━━━━━ MATERIAL SUPPLIED
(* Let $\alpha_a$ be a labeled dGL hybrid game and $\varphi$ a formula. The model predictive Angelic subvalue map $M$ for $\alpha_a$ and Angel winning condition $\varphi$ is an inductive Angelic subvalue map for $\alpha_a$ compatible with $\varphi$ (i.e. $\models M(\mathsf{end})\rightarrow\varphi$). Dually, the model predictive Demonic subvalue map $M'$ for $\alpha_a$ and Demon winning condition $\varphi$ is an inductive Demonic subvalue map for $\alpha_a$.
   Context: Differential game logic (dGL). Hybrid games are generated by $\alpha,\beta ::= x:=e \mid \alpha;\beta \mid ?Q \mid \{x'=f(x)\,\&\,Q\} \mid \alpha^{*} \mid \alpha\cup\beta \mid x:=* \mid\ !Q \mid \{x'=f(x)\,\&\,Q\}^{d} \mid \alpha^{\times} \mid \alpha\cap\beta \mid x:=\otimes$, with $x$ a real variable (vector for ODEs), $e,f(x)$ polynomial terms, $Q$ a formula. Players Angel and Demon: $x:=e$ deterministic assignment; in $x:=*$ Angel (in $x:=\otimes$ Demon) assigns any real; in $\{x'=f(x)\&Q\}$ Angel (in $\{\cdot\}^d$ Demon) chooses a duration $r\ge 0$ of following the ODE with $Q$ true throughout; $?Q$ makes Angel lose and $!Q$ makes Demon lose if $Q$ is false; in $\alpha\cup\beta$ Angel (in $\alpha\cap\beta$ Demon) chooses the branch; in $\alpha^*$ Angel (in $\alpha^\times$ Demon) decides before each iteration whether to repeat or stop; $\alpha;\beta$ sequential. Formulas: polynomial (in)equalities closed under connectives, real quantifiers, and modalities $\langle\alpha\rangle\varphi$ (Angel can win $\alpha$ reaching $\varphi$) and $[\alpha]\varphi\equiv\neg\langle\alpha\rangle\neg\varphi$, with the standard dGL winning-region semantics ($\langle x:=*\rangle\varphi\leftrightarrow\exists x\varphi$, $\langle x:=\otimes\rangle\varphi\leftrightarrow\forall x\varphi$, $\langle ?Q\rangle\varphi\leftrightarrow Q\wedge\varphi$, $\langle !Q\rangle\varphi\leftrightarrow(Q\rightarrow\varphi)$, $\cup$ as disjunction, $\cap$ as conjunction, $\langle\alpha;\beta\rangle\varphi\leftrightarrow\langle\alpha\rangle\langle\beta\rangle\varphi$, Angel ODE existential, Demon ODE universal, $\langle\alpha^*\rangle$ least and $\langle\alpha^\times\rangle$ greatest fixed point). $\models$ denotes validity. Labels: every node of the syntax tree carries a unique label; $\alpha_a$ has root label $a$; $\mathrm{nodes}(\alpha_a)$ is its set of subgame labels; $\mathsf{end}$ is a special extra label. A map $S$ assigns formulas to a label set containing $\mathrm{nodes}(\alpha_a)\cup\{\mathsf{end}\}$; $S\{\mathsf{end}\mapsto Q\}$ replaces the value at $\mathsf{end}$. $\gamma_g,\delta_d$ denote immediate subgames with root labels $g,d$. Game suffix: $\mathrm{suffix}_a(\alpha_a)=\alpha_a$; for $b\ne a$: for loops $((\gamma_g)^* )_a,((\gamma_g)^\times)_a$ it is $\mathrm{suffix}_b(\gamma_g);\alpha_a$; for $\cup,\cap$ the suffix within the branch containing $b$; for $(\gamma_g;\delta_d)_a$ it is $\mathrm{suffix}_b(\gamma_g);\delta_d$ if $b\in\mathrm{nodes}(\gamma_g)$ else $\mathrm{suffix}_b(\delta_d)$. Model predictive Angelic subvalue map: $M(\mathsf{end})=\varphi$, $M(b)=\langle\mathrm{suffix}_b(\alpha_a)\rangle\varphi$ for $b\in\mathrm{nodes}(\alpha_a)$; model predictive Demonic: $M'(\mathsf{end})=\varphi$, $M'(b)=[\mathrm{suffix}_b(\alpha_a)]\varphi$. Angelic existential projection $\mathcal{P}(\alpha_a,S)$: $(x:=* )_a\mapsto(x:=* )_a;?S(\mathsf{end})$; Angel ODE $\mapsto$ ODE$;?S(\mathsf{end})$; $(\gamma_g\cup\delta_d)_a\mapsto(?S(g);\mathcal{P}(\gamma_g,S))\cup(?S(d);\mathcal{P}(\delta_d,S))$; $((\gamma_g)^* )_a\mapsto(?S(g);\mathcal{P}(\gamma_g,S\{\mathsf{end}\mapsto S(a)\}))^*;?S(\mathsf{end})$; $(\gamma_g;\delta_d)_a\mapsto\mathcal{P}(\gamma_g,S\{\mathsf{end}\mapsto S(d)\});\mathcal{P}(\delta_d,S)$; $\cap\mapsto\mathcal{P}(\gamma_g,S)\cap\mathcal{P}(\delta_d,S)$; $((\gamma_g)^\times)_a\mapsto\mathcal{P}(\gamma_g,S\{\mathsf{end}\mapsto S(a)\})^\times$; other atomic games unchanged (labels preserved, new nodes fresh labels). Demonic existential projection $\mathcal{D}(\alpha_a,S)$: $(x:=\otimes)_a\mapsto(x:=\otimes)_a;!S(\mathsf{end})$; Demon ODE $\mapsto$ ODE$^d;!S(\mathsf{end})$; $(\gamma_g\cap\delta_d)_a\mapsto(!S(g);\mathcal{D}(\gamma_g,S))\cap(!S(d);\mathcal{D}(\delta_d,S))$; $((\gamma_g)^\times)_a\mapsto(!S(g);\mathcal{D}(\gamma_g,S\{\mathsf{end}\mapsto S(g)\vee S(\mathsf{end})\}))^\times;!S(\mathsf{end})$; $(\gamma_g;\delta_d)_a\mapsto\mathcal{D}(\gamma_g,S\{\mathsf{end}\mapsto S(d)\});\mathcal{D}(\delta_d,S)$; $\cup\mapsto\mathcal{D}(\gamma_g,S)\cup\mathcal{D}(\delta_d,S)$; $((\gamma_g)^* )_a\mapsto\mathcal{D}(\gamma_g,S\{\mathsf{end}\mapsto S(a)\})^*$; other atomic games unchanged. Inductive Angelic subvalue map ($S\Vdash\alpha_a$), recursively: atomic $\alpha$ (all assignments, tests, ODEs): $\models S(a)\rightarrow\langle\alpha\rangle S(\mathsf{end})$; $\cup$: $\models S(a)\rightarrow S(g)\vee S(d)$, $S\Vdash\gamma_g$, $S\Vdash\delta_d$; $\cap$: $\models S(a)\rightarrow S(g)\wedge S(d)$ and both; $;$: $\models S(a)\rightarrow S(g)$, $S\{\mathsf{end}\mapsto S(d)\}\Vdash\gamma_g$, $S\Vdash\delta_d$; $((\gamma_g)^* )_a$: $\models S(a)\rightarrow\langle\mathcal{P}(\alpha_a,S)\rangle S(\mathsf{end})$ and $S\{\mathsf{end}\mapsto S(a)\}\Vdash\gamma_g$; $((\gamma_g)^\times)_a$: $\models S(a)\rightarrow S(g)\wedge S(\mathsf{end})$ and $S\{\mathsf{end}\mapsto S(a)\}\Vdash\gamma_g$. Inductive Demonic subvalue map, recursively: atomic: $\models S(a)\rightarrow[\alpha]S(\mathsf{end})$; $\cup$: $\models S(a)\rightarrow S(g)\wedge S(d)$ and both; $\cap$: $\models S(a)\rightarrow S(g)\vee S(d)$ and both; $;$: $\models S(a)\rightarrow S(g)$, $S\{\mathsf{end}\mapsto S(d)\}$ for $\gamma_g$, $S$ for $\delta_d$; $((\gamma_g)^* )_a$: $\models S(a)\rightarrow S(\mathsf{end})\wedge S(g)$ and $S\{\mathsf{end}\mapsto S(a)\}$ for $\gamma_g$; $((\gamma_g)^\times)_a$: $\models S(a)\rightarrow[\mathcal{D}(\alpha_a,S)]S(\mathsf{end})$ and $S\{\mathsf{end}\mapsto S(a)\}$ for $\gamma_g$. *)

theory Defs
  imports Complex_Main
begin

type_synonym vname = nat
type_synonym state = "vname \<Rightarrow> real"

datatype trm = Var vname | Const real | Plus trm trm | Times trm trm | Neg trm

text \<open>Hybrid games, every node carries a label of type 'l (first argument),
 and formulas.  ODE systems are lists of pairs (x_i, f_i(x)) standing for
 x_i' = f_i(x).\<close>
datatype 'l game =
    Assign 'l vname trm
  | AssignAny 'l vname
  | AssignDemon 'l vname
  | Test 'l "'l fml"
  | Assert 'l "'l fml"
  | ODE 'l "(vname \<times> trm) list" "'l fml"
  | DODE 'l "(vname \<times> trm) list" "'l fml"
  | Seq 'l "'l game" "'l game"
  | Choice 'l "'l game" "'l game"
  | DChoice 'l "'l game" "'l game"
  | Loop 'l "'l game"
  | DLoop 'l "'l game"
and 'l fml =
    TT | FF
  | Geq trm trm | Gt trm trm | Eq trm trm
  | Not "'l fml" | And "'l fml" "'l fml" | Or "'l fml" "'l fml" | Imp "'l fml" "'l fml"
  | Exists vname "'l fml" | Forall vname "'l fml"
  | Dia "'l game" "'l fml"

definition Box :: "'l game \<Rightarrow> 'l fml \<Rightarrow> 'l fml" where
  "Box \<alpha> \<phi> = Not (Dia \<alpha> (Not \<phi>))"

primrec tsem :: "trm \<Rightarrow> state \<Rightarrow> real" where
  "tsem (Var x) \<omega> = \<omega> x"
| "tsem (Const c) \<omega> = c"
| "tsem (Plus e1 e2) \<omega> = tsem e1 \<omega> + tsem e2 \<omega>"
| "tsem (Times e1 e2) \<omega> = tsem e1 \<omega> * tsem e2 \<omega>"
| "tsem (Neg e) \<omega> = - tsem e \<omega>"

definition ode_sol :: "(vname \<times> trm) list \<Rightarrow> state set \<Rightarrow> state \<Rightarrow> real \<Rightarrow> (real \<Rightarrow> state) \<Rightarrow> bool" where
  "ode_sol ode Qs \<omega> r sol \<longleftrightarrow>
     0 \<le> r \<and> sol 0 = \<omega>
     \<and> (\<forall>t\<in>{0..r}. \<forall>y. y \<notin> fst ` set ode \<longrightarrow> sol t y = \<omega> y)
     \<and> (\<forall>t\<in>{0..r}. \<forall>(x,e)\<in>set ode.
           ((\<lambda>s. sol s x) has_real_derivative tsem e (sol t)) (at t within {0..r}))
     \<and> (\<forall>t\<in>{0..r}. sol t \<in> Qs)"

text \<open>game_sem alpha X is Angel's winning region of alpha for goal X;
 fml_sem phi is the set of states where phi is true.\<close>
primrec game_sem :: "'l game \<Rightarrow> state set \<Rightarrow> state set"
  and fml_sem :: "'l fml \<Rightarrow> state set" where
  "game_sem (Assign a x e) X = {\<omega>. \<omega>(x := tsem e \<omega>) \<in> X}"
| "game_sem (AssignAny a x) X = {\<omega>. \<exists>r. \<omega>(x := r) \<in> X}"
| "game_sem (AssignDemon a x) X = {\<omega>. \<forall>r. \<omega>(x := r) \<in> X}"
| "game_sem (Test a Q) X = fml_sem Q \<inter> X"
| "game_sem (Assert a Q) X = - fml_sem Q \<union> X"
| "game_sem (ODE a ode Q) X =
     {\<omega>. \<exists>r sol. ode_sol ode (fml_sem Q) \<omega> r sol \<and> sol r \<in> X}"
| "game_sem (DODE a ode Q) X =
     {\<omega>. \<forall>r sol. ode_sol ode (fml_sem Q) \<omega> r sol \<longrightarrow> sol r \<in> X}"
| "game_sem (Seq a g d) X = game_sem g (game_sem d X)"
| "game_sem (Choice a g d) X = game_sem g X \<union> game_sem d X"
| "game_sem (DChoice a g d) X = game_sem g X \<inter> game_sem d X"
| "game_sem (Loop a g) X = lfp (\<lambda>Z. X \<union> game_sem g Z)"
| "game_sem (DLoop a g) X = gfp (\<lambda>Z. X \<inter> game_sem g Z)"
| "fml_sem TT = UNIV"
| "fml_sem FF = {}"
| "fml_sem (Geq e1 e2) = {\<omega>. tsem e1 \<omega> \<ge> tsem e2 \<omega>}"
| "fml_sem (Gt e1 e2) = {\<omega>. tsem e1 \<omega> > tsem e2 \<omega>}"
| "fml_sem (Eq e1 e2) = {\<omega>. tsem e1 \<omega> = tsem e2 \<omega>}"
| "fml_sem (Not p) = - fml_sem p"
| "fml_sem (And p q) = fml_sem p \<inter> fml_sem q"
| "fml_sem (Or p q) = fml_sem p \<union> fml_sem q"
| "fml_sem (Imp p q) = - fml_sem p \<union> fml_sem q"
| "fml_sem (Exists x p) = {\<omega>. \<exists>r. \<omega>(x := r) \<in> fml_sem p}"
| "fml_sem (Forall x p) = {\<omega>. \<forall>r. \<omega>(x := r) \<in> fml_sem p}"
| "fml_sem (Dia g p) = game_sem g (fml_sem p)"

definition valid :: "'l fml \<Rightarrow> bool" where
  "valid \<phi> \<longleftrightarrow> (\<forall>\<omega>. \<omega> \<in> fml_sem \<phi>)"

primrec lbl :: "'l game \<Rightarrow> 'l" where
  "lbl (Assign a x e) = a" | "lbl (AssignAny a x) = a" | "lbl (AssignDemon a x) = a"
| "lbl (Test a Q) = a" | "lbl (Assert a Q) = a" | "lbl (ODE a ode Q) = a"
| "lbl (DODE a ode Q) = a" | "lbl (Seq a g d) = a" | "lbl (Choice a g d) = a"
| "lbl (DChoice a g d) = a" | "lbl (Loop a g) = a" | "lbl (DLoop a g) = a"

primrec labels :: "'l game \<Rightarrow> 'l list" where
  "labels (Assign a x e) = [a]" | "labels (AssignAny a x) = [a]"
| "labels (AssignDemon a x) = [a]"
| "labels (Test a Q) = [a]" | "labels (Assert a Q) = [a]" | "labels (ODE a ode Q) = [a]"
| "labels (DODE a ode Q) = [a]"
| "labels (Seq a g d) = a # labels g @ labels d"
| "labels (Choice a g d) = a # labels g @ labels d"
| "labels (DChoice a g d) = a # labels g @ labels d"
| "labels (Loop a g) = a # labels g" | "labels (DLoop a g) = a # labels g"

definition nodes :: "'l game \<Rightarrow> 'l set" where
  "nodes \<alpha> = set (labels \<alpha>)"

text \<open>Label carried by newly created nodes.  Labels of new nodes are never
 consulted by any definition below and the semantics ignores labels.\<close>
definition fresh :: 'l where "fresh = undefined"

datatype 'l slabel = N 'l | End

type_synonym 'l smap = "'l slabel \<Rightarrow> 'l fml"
━━━━━━━━━━
What are the lines from the one containing "text \<open>Label carried" to the end of the material above? Return them exactly, and only them.

ANSWER SECTION ->
text \<open>Label carried by newly created nodes.  Labels of new nodes are never
 consulted by any definition below and the semantics ignores labels.\<close>
definition fresh :: 'l where "fresh = undefined"

datatype 'l slabel = N 'l | End

type_synonym 'l smap = "'l slabel \<Rightarrow> 'l fml"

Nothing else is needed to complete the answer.